Nietzsche impone alla filosofia un pensiero della relazione che pensa la relazione oggettiva senza cessare di esserne a favore della sostanza, né sorgendo in opposizione dialettica ad essa. Un pensiero della relazione consapevole che è soltanto attraverso “un” pensiero della relazione che la relazione può essere pensata, ma che rifugge tuttavia la tentazione di porsi come “il” pensiero della relazione che si pensa mediante “un” pensiero della relazione. Un pensiero che riconosce così l’impossibilità di porsi come nient’altro che “un” pensiero della relazione, e quindi un pensiero finito che, assumendola, tenta comunque di distanziarsi da tale finitudine, pur permanendo in essa. Quasi un pensiero interno ed esterno a se stesso, poiché nel pensare, e tramite il pensare, prende atto che sta pensando e mette in questione gli strumenti a cui ricorre per pensare. Ciò rinvia alla necessità per la filosofia di vedere «da cento occhi», secondo una traiettoria che dal mondo inorganico e organico raggiunge la socialità umana, in cui la relazione si apre alla sfera della politica. In vista di una democrazia che Nietzsche intende come «qualcosa di futuro», in chiave inclusiva e non escludente.
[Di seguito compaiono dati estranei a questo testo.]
lemma cc_eq: "0 < cos \<eta> \<Longrightarrow> cc \<eta> = 1 / (1 - rho \<eta> ^ 4)"
  by (simp add: cc_def norm_aa)

lemma cc_mult: "1/2 < cos \<eta> \<Longrightarrow> cc \<eta> * (1 - rho \<eta> ^ 4) = 1"
  using rho_pos[of \<eta>] rho_less_1[of \<eta>] power_less_one_iff[of "rho \<eta>" 4]
  by (simp add: cc_eq)

lemma cc_pos: "1/2 < cos \<eta> \<Longrightarrow> 0 < cc \<eta>"
  using rho_pos[of \<eta>] rho_less_1[of \<eta>] power_less_one_iff[of "rho \<eta>" 4]
  by (simp add: cc_eq)

lemma Phi_eq_rho: "0 < cos \<eta> \<Longrightarrow> Phi k \<eta>
    = (1 - rho \<eta> ^ 4) * sin ((real k - 1) * \<eta>) - rho \<eta> ^ 3 * sin ((real k - 2) * \<eta>) + rho \<eta> ^ k * sin \<eta>"
  by (simp add: Phi_def norm_aa)

lemma zz_to_ww:
  assumes "0 < cos \<eta>"
  shows "1 - cnj (aa \<eta>) * zz \<eta> j = ww \<eta> j"
proof -
  have "cnj (aa \<eta>) * zz \<eta> j = of_real (cc \<eta>) * (aa \<eta> * cnj (aa \<eta>)) * aa \<eta> ^ j"
    by (simp add: zz_def)
  then show ?thesis
    using assms by (simp add: ww_def aa_mult_cnj norm_aa)
qed

lemma ww1_to_bb0:
  assumes "0 < cos \<eta>"
  shows "1 - cnj (aa \<eta>) * ww \<eta> 1 = bb0 \<eta>"
proof -
  have "1 - cnj (aa \<eta>) * ww \<eta> 1
      = (1 - cnj (aa \<eta>)) + of_real (cc \<eta> * rho \<eta> ^ 2) * (aa \<eta> * cnj (aa \<eta>))"
    using assms by (simp add: ww_def norm_aa algebra_simps)
  also have "\<dots> = aa \<eta> + of_real (cc \<eta> * rho \<eta> ^ 4)"
    using one_minus_aa[OF assms] by (simp add: aa_mult_cnj algebra_simps eval_nat_numeral)
  finally show ?thesis
    using assms by (simp add: bb0_def norm_aa)
qed

lemma ww2_to_zz0:
  assumes "1/2 < cos \<eta>"
  shows "1 - cnj (aa \<eta>) * ww \<eta> 2 = zz \<eta> 0"
proof -
  have cos: "0 < cos \<eta>" using assms by linarith
  have "1 - cnj (aa \<eta>) * ww \<eta> 2
      = (1 - cnj (aa \<eta>)) + of_real (cc \<eta> * rho \<eta> ^ 2) * (aa \<eta> * cnj (aa \<eta>)) * aa \<eta>"
    using cos by (simp add: ww_def norm_aa algebra_simps power2_eq_square)
  also have "\<dots> = of_real (1 + cc \<eta> * rho \<eta> ^ 4) * aa \<eta>"
    using one_minus_aa[OF cos] by (simp add: aa_mult_cnj algebra_simps eval_nat_numeral)
  also have "1 + cc \<eta> * rho \<eta> ^ 4 = cc \<eta>"
    using cc_mult[OF assms] by (simp add: algebra_simps)
  finally show ?thesis
    by (simp add: zz_def)
qed

lemma angle_at_ww_eq_angle_at_zz:
  assumes "0 < cos \<eta>"
  shows "angle3 (ww \<eta> j) (ww \<eta> (Suc j)) (bb0 \<eta>) = angle3 (zz \<eta> j) (zz \<eta> (Suc j)) (ww \<eta> 1)"
  using angle3_affine[of "- cnj (aa \<eta>)" "zz \<eta> j" 1 "zz \<eta> (Suc j)" "ww \<eta> 1"] aa_nonzero[OF assms]
  by (simp add: zz_to_ww[OF assms, symmetric] ww1_to_bb0[OF assms, symmetric])

lemma angle_at_bb0_eq_angle_at_ww1:
  assumes "1/2 < cos \<eta>"
  shows "angle3 (ww \<eta> k) (bb0 \<eta>) (zz \<eta> 0) = angle3 (zz \<eta> k) (ww \<eta> 1) (ww \<eta> 2)"
proof -
  have cos: "0 < cos \<eta>" using assms by linarith
  show ?thesis
    using angle3_affine[of "- cnj (aa \<eta>)" "zz \<eta> k" 1 "ww \<eta> 1" "ww \<eta> 2"] aa_nonzero[OF cos]
    by (simp add: zz_to_ww[OF cos, symmetric] ww1_to_bb0[OF cos, symmetric] ww2_to_zz0[OF assms, symmetric])
qed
Nicola Comerci (Tempio Pausania, 1976) è docente di ruolo di filosofia nei licei. Laureato in Filosofia (Roma “La Sapienza”, 1999), dopo un periodo di formazione a Parigi, ha conseguito il dottorato di ricerca in Filosofia e Teoria delle scienze umane nel 2004 (Università di Macerata). Dallo stesso anno, fino al 2011, ha insegnato Filosofia politica all’Università di Sassari, dove svolge attività di ricerca e insegnamento. È autore di diversi articoli e interventi di natura etica e politica in ambito ermeneutico e fenomenologico. Tra le sue pubblicazioni: L’enigma della trascendenza. Riflessi etico-politici dell’alterità (Editori Riuniti, Roma, 2006, a cura di); La deiscenza dell’altro. Intersoggettività e comunità in Merleau-Ponty (Mimesis, Milano, 2008).